张布丢下他,扭转头,对石平安说:“你也不要喝了,一起走吧。”

“噢。”石平安应了一声,仰起脖子,饮尽杯中的残酒。站起身,朝濮阳兴行个礼,和张布一同离去。

走在路上,张布心里忐忑不安,总觉得会有事情发生。不知为何,那几个下人的脸在他脑子里不停地晃来晃去。

他拿定主意,明日见到濮阳兴,一定要他把这几人杀掉,免留后患。

石平安和张布在中途分手。

他没有回家,而是调头往皇宫去了。

第一卷 第三十章
?幻花(30)

日子翻过一页,又是新一天。

早朝时,张布在大殿上和濮阳兴相遇,只见他满面笑容,如沐春风,见谁都客客气气点头招呼,和平常一个样子。

人的一张脸,原来是作面具用的。

看见张布,濮阳兴远远的作个揖,算作招呼。张布想走过去,嘱他回去除掉那几名下人。专念一想,等到散朝后再说。

在宦官的簇拥下,孙皓身穿皇袍,头戴冕旈王冠,神采奕奕的登上宝殿。他象寻常一样,双目往殿堂上巡视一圈后,方才在龙椅上坐下。

文武大臣依次上谏奏表,其中一道折子,称颂新帝登位以来,兢兢业业,处处以民为本,全国一片太平昌盛。

“朕才疏学浅,得此称颂,功在几位老臣,忠心耿耿,处处以国家利益为重,有他们是朕的福气。”孙皓缓缓的说:“丞相、骠骑将军,听封。”

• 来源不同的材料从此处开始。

(* On $\mathbb{R}^4$ with coordinates $x,y,z,t$, let $h=h(\rho,t)$ be a smooth function on $(0,\infty)\times\mathbb{R}$ such that $0$ is a regular value of $h$, the level set $\{h=0\}$ is a connected curve meeting the $\rho$-axis in exactly one point $(\rho_0,0)$ with $\rho_0>0$, $h_t$ vanishes along $\{h=0\}$ only at $(\rho_0,0)$, and $\rho h_\rho-th_t>0$ along $\{h=0\}$. Set $H(x,y,z,t)=h(x^2+y^2+z^2,t)$, $M=\{H=0\}\subset\mathbb{R}^4$, and let $f\colon M\to\mathbb{R}$ be the restriction of $(x,y,z,t)\mapsto x^2+y^2$. If $h_{tt}(\rho_0,0)<0$, then $f$ is a Morse--Bott function on $M$.
   Context: This is the model for a contact connected sum: $\mathbb{R}^4$ carries $\omega=\mathrm{d} x\wedge\mathrm{d} y+\mathrm{d} z\wedge\mathrm{d} t$ and the Liouville vector field $\tfrac12x\partial_x+\tfrac12y\partial_y+2z\partial_z-t\partial_t$, which is transverse to $M$; the curve $\{h=0\}$ in the $(\rho,t)$-half-plane is U-shaped with vertex $(\rho_0,0)$, its two ends running along the lines $t=\pm1$ for large $\rho$. A Morse--Bott function is a smooth function whose critical set is a submanifold along which the Hessian is non-degenerate in transverse directions. *)

theory Defs
  imports "HOL-Analysis.Analysis"
begin

fun iter_dderiv :: "('a::real_normed_vector \<Rightarrow> 'b::real_normed_vector) \<Rightarrow> 'a list \<Rightarrow> 'a \<Rightarrow> 'b" where
  "iter_dderiv f [] = f"
| "iter_dderiv f (v # vs) = (\<lambda>x. frechet_derivative (iter_dderiv f vs) (at x) v)"

text \<open>f is C-infinity on the open set S: all iterated derivatives exist (are Frechet
  differentiable) at every point of S. In finite dimensions this is exactly smoothness.\<close>
definition smooth_on :: "'a::euclidean_space set \<Rightarrow> ('a \<Rightarrow> 'b::real_normed_vector) \<Rightarrow> bool" where
  "smooth_on S f \<longleftrightarrow> open S \<and> (\<forall>vs. \<forall>x\<in>S. iter_dderiv f vs differentiable (at x))"

definition dirderiv :: "('a::real_normed_vector \<Rightarrow> 'b::real_normed_vector) \<Rightarrow> 'a \<Rightarrow> 'a \<Rightarrow> 'b" where
  "dirderiv f v x = frechet_derivative f (at x) v"

definition dirderiv2 :: "('a::real_normed_vector \<Rightarrow> 'b::real_normed_vector) \<Rightarrow> 'a \<Rightarrow> 'a \<Rightarrow> 'a \<Rightarrow> 'b" where
  "dirderiv2 f v w x = frechet_derivative (\<lambda>y. frechet_derivative f (at y) v) (at x) w"
lemma tangle_superset_conn_le_card:
  assumes M: "matroid E r" and T: "is_tangle E r \<theta> T" and "Z \<subseteq> E" "card Z < \<theta>"
  shows "\<exists>Y\<in>T. Z \<subseteq> Y \<and> conn E r Y \<le> card Z"
proof -
  have "finite Z"
    using assms(3) matroid_finite[OF M] finite_subset by blast
  then show ?thesis
    using assms(3,4)
  proof (induction Z rule: finite_induct)
    case empty
    have "E \<notin> T"
      using tangle_no_cover[OF T, of E E E] by blast
    then have "{} \<in> T"
      using tangle_mem_or_compl[OF T, of "{}"] conn_empty[OF M] empty by simp
    then show ?case
      using conn_empty[OF M] by auto
  next
    case (insert f Z)
    then obtain Y where Y: "Y \<in> T" "Z \<subseteq> Y" "conn E r Y \<le> card Z"
      by auto
    have "Y \<subseteq> E"
      using tangle_subset[OF T Y(1)] .
    then have small: "conn E r (insert f Y) \<le> card (insert f Z)"
      using conn_insert_le[OF M, of f Y] Y(3) insert by simp
    have "insert f Y \<in> T"
      using tangle_insert_mem[OF M T Y(1)] small insert by simp
    then show ?case
      using Y(2) small by blast
  qed
qed

lemma tangle_rank_eq_Min:
  "Y \<in> T \<Longrightarrow> X \<subseteq> Y \<Longrightarrow>
    tangle_rank E r \<theta> T X = Min {conn E r Y | Y. Y \<in> T \<and> X \<subseteq> Y}"
  unfolding tangle_rank_def by auto

lemma finite_conns_bounded:
  "\<forall>Y\<in>T. conn E r Y < \<theta> \<Longrightarrow> finite {conn E r Y | Y. Y \<in> T \<and> P Y}"
  by (rule finite_subset[of _ "{..<\<theta>}"]) auto

lemma tangle_rank_le_conn:
  assumes "\<forall>Y\<in>T. conn E r Y < \<theta>" and "Y \<in> T" "X \<subseteq> Y"
  shows "tangle_rank E r \<theta> T X \<le> conn E r Y"
proof -
  have "Min {conn E r Y | Y. Y \<in> T \<and> X \<subseteq> Y} \<le> conn E r Y"
    using finite_conns_bounded[OF assms(1)] assms(2,3) by (intro Min_le) blast+
  then show ?thesis
    using tangle_rank_eq_Min[OF assms(2,3)] by simp
qed

lemma tangle_rank_le_order:
  assumes "\<forall>Y\<in>T. conn E r Y < \<theta>"
  shows "tangle_rank E r \<theta> T X \<le> \<theta>"
proof (cases "\<exists>Y\<in>T. X \<subseteq> Y")
  case True
  then obtain Y where "Y \<in> T" "X \<subseteq> Y" by blast
  moreover have "conn E r Y < \<theta>"
    using assms \<open>Y \<in> T\<close> by blast
  moreover have "tangle_rank E r \<theta> T X \<le> conn E r Y"
    using tangle_rank_le_conn[OF assms] \<open>Y \<in> T\<close> \<open>X \<subseteq> Y\<close> .
  ultimately show ?thesis
    by linarith
qed (simp add: tangle_rank_def)

lemma tangle_rank_ge:
  assumes "\<forall>Y\<in>T. conn E r Y < \<theta>" and "k \<le> \<theta>"
    and "\<And>Y. Y \<in> T \<Longrightarrow> X \<subseteq> Y \<Longrightarrow> k \<le> conn E r Y"
  shows "k \<le> tangle_rank E r \<theta> T X"
proof (cases "\<exists>Y\<in>T. X \<subseteq> Y")
  case True
  then obtain Y where "Y \<in> T" "X \<subseteq> Y" by blast
  let ?S = "{conn E r Y | Y. Y \<in> T \<and> X \<subseteq> Y}"
  have "?S \<noteq> {}" "\<forall>c\<in>?S. k \<le> c"
    using \<open>Y \<in> T\<close> \<open>X \<subseteq> Y\<close> assms(3) by blast+
  then have "k \<le> Min ?S"
    using Min_ge_iff[OF finite_conns_bounded[OF assms(1)]] by blast
  then show ?thesis
    using tangle_rank_eq_Min[OF \<open>Y \<in> T\<close> \<open>X \<subseteq> Y\<close>] by simp
qed (simp add: tangle_rank_def assms(2))

lemma inherited_tangle_delete:
  "e \<in> E \<Longrightarrow> inherited_tangle E \<theta> T (E - {e}) r
    = {Y - {e} | Y. Y \<in> T \<and> conn (E - {e}) r (Y - {e}) < \<theta> - 1}"
  unfolding inherited_tangle_def by (simp add: Diff_Diff_Int insert_absorb)

lemma inherited_tangle_delete_conn_less:
  "e \<in> E \<Longrightarrow> \<forall>Y\<in>inherited_tangle E \<theta> T (E - {e}) r. conn (E - {e}) r Y < \<theta> - 1"
  by (auto simp: inherited_tangle_delete)

lemma tangle_rank_delete_ge:
  assumes M: "matroid E r" and T: "is_tangle E r \<theta> T" and e: "e \<in> E"
  shows "tangle_rank E r \<theta> T X - 1
    \<le> tangle_rank (E - {e}) r (\<theta> - 1) (inherited_tangle E \<theta> T (E - {e}) r) (X - {e})"
proof (rule tangle_rank_ge[OF inherited_tangle_delete_conn_less[OF e]])
  show "tangle_rank E r \<theta> T X - 1 \<le> \<theta> - 1"
    using tangle_rank_le_order[OF tangle_conn_less[OF T]] by (simp add: diff_le_mono)
next
  fix Y' assume "Y' \<in> inherited_tangle E \<theta> T (E - {e}) r" "X - {e} \<subseteq> Y'"
  then obtain Y where Y: "Y \<in> T" "Y' = Y - {e}" "conn (E - {e}) r Y' < \<theta> - 1"
    by (auto simp: inherited_tangle_delete[OF e])
  have "Y \<subseteq> E"
    using tangle_subset[OF T Y(1)] .
  then have bound: "conn E r (insert e Y) \<le> conn (E - {e}) r Y' + 1"
    using conn_insert_le_conn_delete[OF M e] Y(2) by blast
  then have "insert e Y \<in> T"
    using tangle_insert_mem[OF M T Y(1) e] Y(3) by linarith
  moreover have "X \<subseteq> insert e Y"
    using \<open>X - {e} \<subseteq> Y'\<close> Y(2) by blast
  ultimately have "tangle_rank E r \<theta> T X \<le> conn E r (insert e Y)"
    using tangle_rank_le_conn[OF tangle_conn_less[OF T]] by blast
  then show "tangle_rank E r \<theta> T X - 1 \<le> conn (E - {e}) r Y'"
    using bound by linarith
qed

濮阳兴和张布急忙走出列队,走到大殿当中,两人低头垂目,双膝着地,行叩拜礼,口里同声称颂:“谢主龙恩。”

心里寻思,皇上今日会如何奖励自己。

大殿两侧,纬帳重重,从后面各扑出一队侍卫,全都是一等一高手。这些侍卫日日勤操苦炼,等的就是这一刻,能为主效忠。一个个动似闪电,行如雷霆,将目标摁头扭臂,当即擒下。

张布、濮阳兴均无防备,刹那间,丝毫都动弹不了。二人相顾失色,齐声大叫:“皇上,这是为何!”

“哼哼!”孙皓冷笑两声,露出天子威仪。

“你们两个狼狈为奸,做的坏事还少吗。朕以仁义为怀,本想你们知错能改,既往不咎。谁知你们胆大妄为,竟敢私下策划谋反。”

张布陡觉眼前一黑,心里明白,祸因一定是昨晚濮阳兴的酒后胡言。他高声喊道:“冤枉!皇上,老臣冤枉,冤枉啊!”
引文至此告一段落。